- ACTIVITY
Give again, word for word, each line below starting at the one that contains "unfolding max_minor_def col_det_def .." and ending at the one that contains "by (rule eq_matI) (use".

--- START ---

(* Let $P$ be a connected positroid on $[n]$ and let $I\subseteq[n]$ be a cyclic interval. Then each connected component of $P|_I$ is a cyclic interval.
   Context: A positroid of rank $k$ on $[n]$ is the matroid of a real $k\times n$ matrix of rank $k$ all of whose maximal minors are nonnegative. A cyclic interval is a set $\{a,a+1,\dots,b\}$ with indices modulo $n$. A matroid is connected if it is not a direct sum of two matroids on nonempty ground sets; connected components are the ground sets of the summands in the decomposition into connected matroids. *)

theory Defs
  imports "Jordan_Normal_Form.DL_Rank" "Jordan_Normal_Form.Determinant"
begin

(* Ground set [n] is modelled as {0..<n}; indices are taken modulo n. *)

(* A matroid on ground set E is given by its family of independent sets. *)

definition max_minor :: "real mat \<Rightarrow> nat set \<Rightarrow> real" where
  "max_minor A S = det (mat (dim_row A) (dim_row A)
      (\<lambda>(i, j). A $$ (i, sorted_list_of_set S ! j)))"

definition matrix_bases :: "real mat \<Rightarrow> nat set set" where
  "matrix_bases A = {B. B \<subseteq> {0..<dim_col A} \<and> card B = dim_row A \<and> max_minor A B \<noteq> 0}"

definition matrix_matroid :: "real mat \<Rightarrow> nat set set" where
  "matrix_matroid A = {X. \<exists>B \<in> matrix_bases A. X \<subseteq> B}"

definition positroid :: "nat \<Rightarrow> nat set set \<Rightarrow> bool" where
  "positroid n P \<longleftrightarrow> (\<exists>k (A :: real mat). A \<in> carrier_mat k n \<and> vec_space.rank k A = k \<and>
      (\<forall>S. S \<subseteq> {0..<n} \<and> card S = k \<longrightarrow> max_minor A S \<ge> 0) \<and>
      P = matrix_matroid A)"

definition restr :: "nat set set \<Rightarrow> nat set \<Rightarrow> nat set set" where
  "restr M S = {X \<in> M. X \<subseteq> S}"

(* M on E equals the direct sum M|S \<oplus> M|(E-S) *)
definition separator :: "nat set \<Rightarrow> nat set set \<Rightarrow> nat set \<Rightarrow> bool" where
  "separator E M S \<longleftrightarrow> S \<subseteq> E \<and>
     (\<forall>X. X \<subseteq> E \<longrightarrow> (X \<in> M \<longleftrightarrow> X \<inter> S \<in> M \<and> X - S \<in> M))"

definition matroid_connected :: "nat set \<Rightarrow> nat set set \<Rightarrow> bool" where
  "matroid_connected E M \<longleftrightarrow> \<not> (\<exists>S. S \<noteq> {} \<and> S \<subset> E \<and> separator E M S)"

definition connected_component :: "nat set \<Rightarrow> nat set set \<Rightarrow> nat set \<Rightarrow> bool" where
  "connected_component E M C \<longleftrightarrow> C \<noteq> {} \<and> separator E M C \<and> matroid_connected C (restr M C)"

(* cyclic interval {a, a+1, ..., b} mod n inside {0..<n} (empty and full set included) *)
definition cyclic_interval :: "nat \<Rightarrow> nat set \<Rightarrow> bool" where
  "cyclic_interval n S \<longleftrightarrow> (\<exists>a < n. \<exists>m \<le> n. S = {(a + i) mod n | i. i < m})"

end

theory Submission
  imports Defs
begin

(*
  Realise the positroid by a k x n matrix A with nonnegative maximal minors and suppose a component
  C of P|I is not a cyclic interval. Reading I in cyclic order, some t in I - C lies between two
  elements of C. As C is connected, the elements of C before t do not separate P|C, so C has a
  basis BC with some x in BC before t and some z in C after t whose expansion in BC uses x. Let S
  be the elements of I - C strictly between x and z; a basis BS of S together with BC extends to a
  basis B of P. For d outside the cyclic arc from x to z and b in BS, the Grassmann-Pluecker
  relation for the minors of (B - {x, b}) plus two of x, b, z, d has two terms of opposite sign
  which are both nonnegative, so both vanish and d has no b-coordinate. Hence everything outside S
  is spanned by B - BS, everything in S by BS, and S is a proper nonempty separator of P.
*)

section \<open>Determinants of selected columns\<close>

definition col_det :: "real mat \<Rightarrow> nat list \<Rightarrow> real" where
  "col_det A xs = det (mat (dim_row A) (dim_row A) (\<lambda>(i, j). A $$ (i, xs ! j)))"

lemma max_minor_col_det: "max_minor A S = col_det A (sorted_list_of_set S)"
  unfolding max_minor_def col_det_def ..

lemma col_det_swap:
  assumes "length ys + 2 + length zs = dim_row A"
  shows "col_det A (ys @ p # q # zs) = - col_det A (ys @ q # p # zs)"
proof -
  let ?k = "dim_row A"
  let ?M = "mat ?k ?k (\<lambda>(i, j). A $$ (i, (ys @ q # p # zs) ! j))"
  have "swapcols (length ys) (Suc (length ys)) ?M = mat ?k ?k (\<lambda>(i, j). A $$ (i, (ys @ p # q # zs) ! j))"
    by (rule eq_matI) (use assms in \<open>auto simp: nth_append\<close>)
  moreover have "det (swapcols (length ys) (Suc (length ys)) ?M) = - det ?M"
    by (rule det_swapcols[where n = ?k]) (use assms in auto)
  ultimately show ?thesis
    unfolding col_det_def by simp
qed

lemma col_det_move:
  assumes "length (ys @ t # zs @ ws) = dim_row A"
  shows "col_det A (ys @ t # zs @ ws) = (-1) ^ length zs * col_det A (ys @ zs @ t # ws)"
  using assms
proof (induction zs arbitrary: ys)
  case Nil
  then show ?case by simp
next
  case (Cons w zs)
  have "col_det A (ys @ t # (w # zs) @ ws) = - col_det A ((ys @ [w]) @ t # zs @ ws)"
    using col_det_swap[of ys "zs @ ws" A t w] Cons.prems by simp
  also have "\<dots> = - ((-1) ^ length zs * col_det A ((ys @ [w]) @ zs @ t # ws))"
    using Cons.IH[of "ys @ [w]"] Cons.prems by simp
  finally show ?case by simp
qed

lemma col_det_insort:
  assumes "sorted xs" "distinct xs" "t \<notin> set xs" "Suc (length (ys @ xs @ ws)) = dim_row A"
  shows "col_det A (ys @ insort t xs @ ws) =
    (-1) ^ length (filter (\<lambda>x. t < x) xs) * col_det A (ys @ xs @ t # ws)"
  using assms
proof (induction xs arbitrary: ys)
  case Nil
  then show ?case by simp
next
  case (Cons y xs)
  show ?case
  proof (cases "t \<le> y")
    case True
    with Cons.prems have "\<forall>x \<in> set (y # xs). t < x"
      by auto
    then show ?thesis
      using True col_det_move[of ys t "y # xs" ws A] Cons.prems by simp
  next
    case False
    then show ?thesis
      using Cons.IH[of "ys @ [y]"] Cons.prems by auto
  qed
qed

lemma col_det_insert:
  assumes "finite X" "t \<notin> X" "Suc (card X + length ws) = dim_row A"
  shows "col_det A (sorted_list_of_set (insert t X) @ ws) =
    (-1) ^ card {x \<in> X. t < x} * col_det A (sorted_list_of_set X @ t # ws)"
proof -
  have "length (filter (\<lambda>x. t < x) (sorted_list_of_set X)) = card {x \<in> X. t < x}"
    using distinct_length_filter[of "sorted_list_of_set X"] assms(1)
    by (simp add: Int_commute Collect_conj_eq)
  then show ?thesis
    using col_det_insort[of "sorted_list_of_set X" t "[]" ws A] assms
    by (simp add: sorted_list_of_set_insert)
qed

lemma bij_betw_nth_sorted_list_of_set:
  "finite K \<Longrightarrow> bij_betw ((!) (sorted_list_of_set K)) {0..<card K} K"
  by (rule bij_betw_nth) auto

lemma sum_over_sorted_list_of_set:
  "finite K \<Longrightarrow> (\<Sum>e\<in>K. f e) = (\<Sum>j<card K. f (sorted_list_of_set K ! j))"
  using sum.reindex_bij_betw[OF bij_betw_nth_sorted_list_of_set, of K f]
  by (simp add: atLeast0LessThan)

lemma cofactor_replace_col:
  assumes "l < k"
  shows "cofactor (mat k k (\<lambda>(i, j). if j = l then u i else F i j)) i l =
    cofactor (mat k k (\<lambda>(i, j). if j = l then u' i else F i j)) i l"
proof -
  have "mat_delete (mat k k (\<lambda>(i, j). if j = l then u i else F i j)) i l =
      mat_delete (mat k k (\<lambda>(i, j). if j = l then u' i else F i j)) i l"
    by (rule eq_matI) (auto simp: mat_delete_def)
  then show ?thesis
    unfolding cofactor_def by simp
qed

--- END ---

- REPLY
  unfolding max_minor_def col_det_def ..

lemma col_det_swap:
  assumes "length ys + 2 + length zs = dim_row A"
  shows "col_det A (ys @ p # q # zs) = - col_det A (ys @ q # p # zs)"
proof -
  let ?k = "dim_row A"
  let ?M = "mat ?k ?k (\<lambda>(i, j). A $$ (i, (ys @ q # p # zs) ! j))"
  have "swapcols (length ys) (Suc (length ys)) ?M = mat ?k ?k (\<lambda>(i, j). A $$ (i, (ys @ p # q # zs) ! j))"
    by (rule eq_matI) (use assms in \<open>auto simp: nth_append\<close>)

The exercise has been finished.